[Records from a data collection]
+++++

(* Let $n\ge1$, $\mathbb{P}\in\mathcal{P}_n$, $\gamma\in S_{inv}$ and $\pi\in S_n$. Then $R_n(\mathbb{P})=R_n({}^{\gamma}\mathbb{P}\pi)$.
   Context: Scheduling on two machines with $n$ tasks. A processing-time matrix is $T\in\mathbb{R}_{++}^{2\times n}$; an allocation is $X\in\{0,1\}^{2\times n}$ with $X_{1j}+X_{2j}=1$; makespan $M(X,T)=\max_{i\in\{1,2\}}\sum_jX_{ij}T_{ij}$; $M^*(T)=\min_XM(X,T)$. $\mathcal{P}_n$ is the set of Borel probability measures on $\mathbb{R}^n$ supported in $\mathbb{R}_{++}^n$. For $\mathbb{P}\in\mathcal{P}_n$, algorithm $\mathcal{A}^{\mathbb{P}}$ draws $\mathbf{z}\sim\mathbb{P}$ and sends task $j$ to machine 1 iff $T_{1j}/T_{2j}<z_j$ (else to machine 2); $M(\mathbb{P},T)$ is its expected makespan, $R_n(\mathbb{P},T)=M(\mathbb{P},T)/M^*(T)$, $R_n(\mathbb{P})=\sup_TR_n(\mathbb{P},T)\in[1,\infty]$. $S_n$ is the symmetric group on $[n]$; for $\mathbf{z}\in\mathbb{R}^n$ and $\pi\in S_n$, $\mathbf{z}\pi$ is the vector obtained by permuting the entries of $\mathbf{z}$ by $\pi$. $S_{inv}=\{id,inv\}$ acts on $\mathbb{R}_{++}^n$ by ${}^{id}\mathbf{x}=\mathbf{x}$ and ${}^{inv}\mathbf{x}=(1/x_1,\dots,1/x_n)$. For $\mathbb{P}\in\mathcal{P}_n$, ${}^{\gamma}\mathbb{P}\pi\in\mathcal{P}_n$ denotes the distribution of ${}^{\gamma}\mathbf{z}\pi$ where $\mathbf{z}\sim\mathbb{P}$. *)

theory Defs
  imports "HOL-Probability.Probability"
begin

text \<open>Tasks are indexed by a finite type 'n (so n = CARD('n) >= 1).
  A processing-time matrix T is given by its two rows T1, T2 :: real^'n.
  An allocation X is represented by the set S of tasks sent to machine 1.\<close>

definition pos_vec :: "real^'n \<Rightarrow> bool" where
  "pos_vec x \<longleftrightarrow> (\<forall>j. 0 < x $ j)"

definition makespan :: "'n::finite set \<Rightarrow> real^'n \<Rightarrow> real^'n \<Rightarrow> real" where
  "makespan S T1 T2 = max (\<Sum>j\<in>S. T1 $ j) (\<Sum>j\<in>-S. T2 $ j)"

definition opt_makespan :: "real^'n::finite \<Rightarrow> real^'n \<Rightarrow> real" where
  "opt_makespan T1 T2 = Min ((\<lambda>S. makespan S T1 T2) ` UNIV)"

definition alloc_of :: "real^'n \<Rightarrow> real^'n \<Rightarrow> real^'n \<Rightarrow> 'n set" where
  "alloc_of T1 T2 z = {j. T1 $ j / T2 $ j < z $ j}"

definition exp_makespan :: "(real^'n::finite) measure \<Rightarrow> real^'n \<Rightarrow> real^'n \<Rightarrow> real" where
  "exp_makespan P T1 T2 = (\<integral>z. makespan (alloc_of T1 T2 z) T1 T2 \<partial>P)"

definition ratio_T :: "(real^'n::finite) measure \<Rightarrow> real^'n \<Rightarrow> real^'n \<Rightarrow> real" where
  "ratio_T P T1 T2 = exp_makespan P T1 T2 / opt_makespan T1 T2"

definition approx_ratio :: "(real^'n::finite) measure \<Rightarrow> ereal" where
  "approx_ratio P = (SUP T \<in> {(T1, T2). pos_vec T1 \<and> pos_vec T2}.
      ereal (ratio_T P (fst T) (snd T)))"

text \<open>The class P_n: Borel probability measures on R^n supported in the positive orthant.\<close>
definition valid_dist :: "(real^'n) measure \<Rightarrow> bool" where
  "valid_dist P \<longleftrightarrow> prob_space P \<and> sets P = sets borel \<and> (AE z in P. pos_vec z)"

definition perm_vec :: "('n \<Rightarrow> 'n) \<Rightarrow> real^'n \<Rightarrow> real^'n" where
  "perm_vec \<pi> z = (\<chi> j. z $ (\<pi> j))"

definition inv_vec :: "real^'n \<Rightarrow> real^'n" where
  "inv_vec z = (\<chi> j. 1 / z $ j)"

end

theory Submission
  imports Defs
begin

text \<open>Relabelling the tasks by \<open>\<pi>\<close> permutes the thresholds, the allocation and both
  loads consistently, so the ratio of the permuted distribution on an instance equals the
  ratio of the original one on the permuted instance. Inverting the thresholds and swapping
  the machines turns the rule \<open>T1/T2 < z\<close> into \<open>T2/T1 \<le> z\<close>: the same algorithm with the
  opposite tie-breaking. Shrinking one row of the swapped instance by a factor \<open>c < 1\<close>
  removes the ties, and as \<open>c \<rightarrow> 1\<close> dominated convergence exhibits every ratio of the
  inverted distribution as a limit of ratios of the original one. Inversion is an
  involution, so the two suprema coincide.\<close>

lemma borel_measurable_vec_nth [measurable]: "(\<lambda>z::real^'n. z $ j) \<in> borel_measurable borel"
  by (intro borel_measurable_continuous_onI continuous_intros)

lemma borel_measurable_vecI:
  fixes f :: "'a \<Rightarrow> real^'n"
  assumes "\<And>j. (\<lambda>x. f x $ j) \<in> borel_measurable M"
  shows "f \<in> borel_measurable M"
proof (rule borel_measurable_euclidean_space[THEN iffD2], rule ballI)
  fix i :: "real^'n" assume "i \<in> Basis"
  then obtain k where "i = axis k 1" by (auto simp: Basis_vec_def)
  then have "(\<lambda>x. f x \<bullet> i) = (\<lambda>x. f x $ k)" by (simp add: inner_axis)
  with assms[of k] show "(\<lambda>x. f x \<bullet> i) \<in> borel_measurable M" by (simp only:)
qed

lemma borel_measurable_inv_vec [measurable]: "inv_vec \<in> borel_measurable borel"
  unfolding inv_vec_def by (rule borel_measurable_vecI) simp

lemma borel_measurable_perm_vec [measurable]: "perm_vec \<pi> \<in> borel_measurable borel"
  unfolding perm_vec_def by (rule borel_measurable_vecI) simp

lemma makespan_eq_sum_If:
  "makespan S a b = max (\<Sum>j\<in>UNIV. if j \<in> S then a $ j else 0) (\<Sum>j\<in>UNIV. if j \<in> S then 0 else b $ j)"
  unfolding makespan_def by (simp add: sum.If_cases Compl_eq_Diff_UNIV)

lemma borel_measurable_makespan:
  assumes "\<And>j. {z \<in> space M. j \<in> S z} \<in> sets M"
  shows "(\<lambda>z. makespan (S z) a b) \<in> borel_measurable M"
  unfolding makespan_eq_sum_If
  by (intro borel_measurable_max borel_measurable_sum measurable_If borel_measurable_const assms)

lemma borel_measurable_makespan_alloc_of [measurable]:
  "(\<lambda>z. makespan (alloc_of T1 T2 z) a b) \<in> borel_measurable borel"
  unfolding alloc_of_def by (rule borel_measurable_makespan) measurable

lemma borel_measurable_makespan_threshold [measurable]:
  "(\<lambda>z::real^'n. makespan {j. t j \<le> z $ j} a b) \<in> borel_measurable borel"
  by (rule borel_measurable_makespan) measurable

lemma pred_pos_vec [measurable]: "Measurable.pred borel (pos_vec :: real^'n::finite \<Rightarrow> bool)"
  unfolding pos_vec_def by measurable

lemma measurable_valid_dist: "valid_dist P \<Longrightarrow> measurable P M = measurable borel M"
  unfolding valid_dist_def by (auto intro: measurable_cong_sets)

lemma makespan_nonneg: "pos_vec a \<Longrightarrow> pos_vec b \<Longrightarrow> 0 \<le> makespan S a b"
  unfolding makespan_def pos_vec_def by (simp add: le_max_iff_disj sum_nonneg less_imp_le)

lemma makespan_pos:
  assumes "pos_vec a" "pos_vec b"
  shows "0 < makespan S a b"
proof (cases "S = UNIV")
  case True
  then have "0 < sum (($) a) S" using assms(1) by (auto simp: pos_vec_def intro!: sum_pos)
  then show ?thesis unfolding makespan_def by simp
next
  case False
  then have "0 < sum (($) b) (-S)" using assms(2) by (auto simp: pos_vec_def intro!: sum_pos)
  then show ?thesis unfolding makespan_def by simp
qed

lemma makespan_le_sum:
  assumes "pos_vec a" "pos_vec b"
  shows "makespan S a b \<le> sum (($) a) UNIV + sum (($) b) UNIV"
proof -
  have "sum (($) a) S \<le> sum (($) a) UNIV" "0 \<le> sum (($) a) UNIV"
    using assms(1) by (auto simp: pos_vec_def less_imp_le intro: sum_mono2 sum_nonneg)
  moreover have "sum (($) b) (-S) \<le> sum (($) b) UNIV" "0 \<le> sum (($) b) UNIV"
    using assms(2) by (auto simp: pos_vec_def less_imp_le intro: sum_mono2 sum_nonneg)
  ultimately show ?thesis unfolding makespan_def by simp
qed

+++++

- TASK STATEMENT: Working from the records above, write out verbatim only the lines from the line containing "theory Submission" through the line containing "removes the ties, and".

- REPLY:
theory Submission
  imports Defs
begin

text \<open>Relabelling the tasks by \<open>\<pi>\<close> permutes the thresholds, the allocation and both
  loads consistently, so the ratio of the permuted distribution on an instance equals the
  ratio of the original one on the permuted instance. Inverting the thresholds and swapping
  the machines turns the rule \<open>T1/T2 < z\<close> into \<open>T2/T1 \<le> z\<close>: the same algorithm with the
  opposite tie-breaking. Shrinking one row of the swapped instance by a factor \<open>c < 1\<close>
  removes the ties, and as \<open>c \<rightarrow> 1\<close> dominated convergence exhibits every ratio of the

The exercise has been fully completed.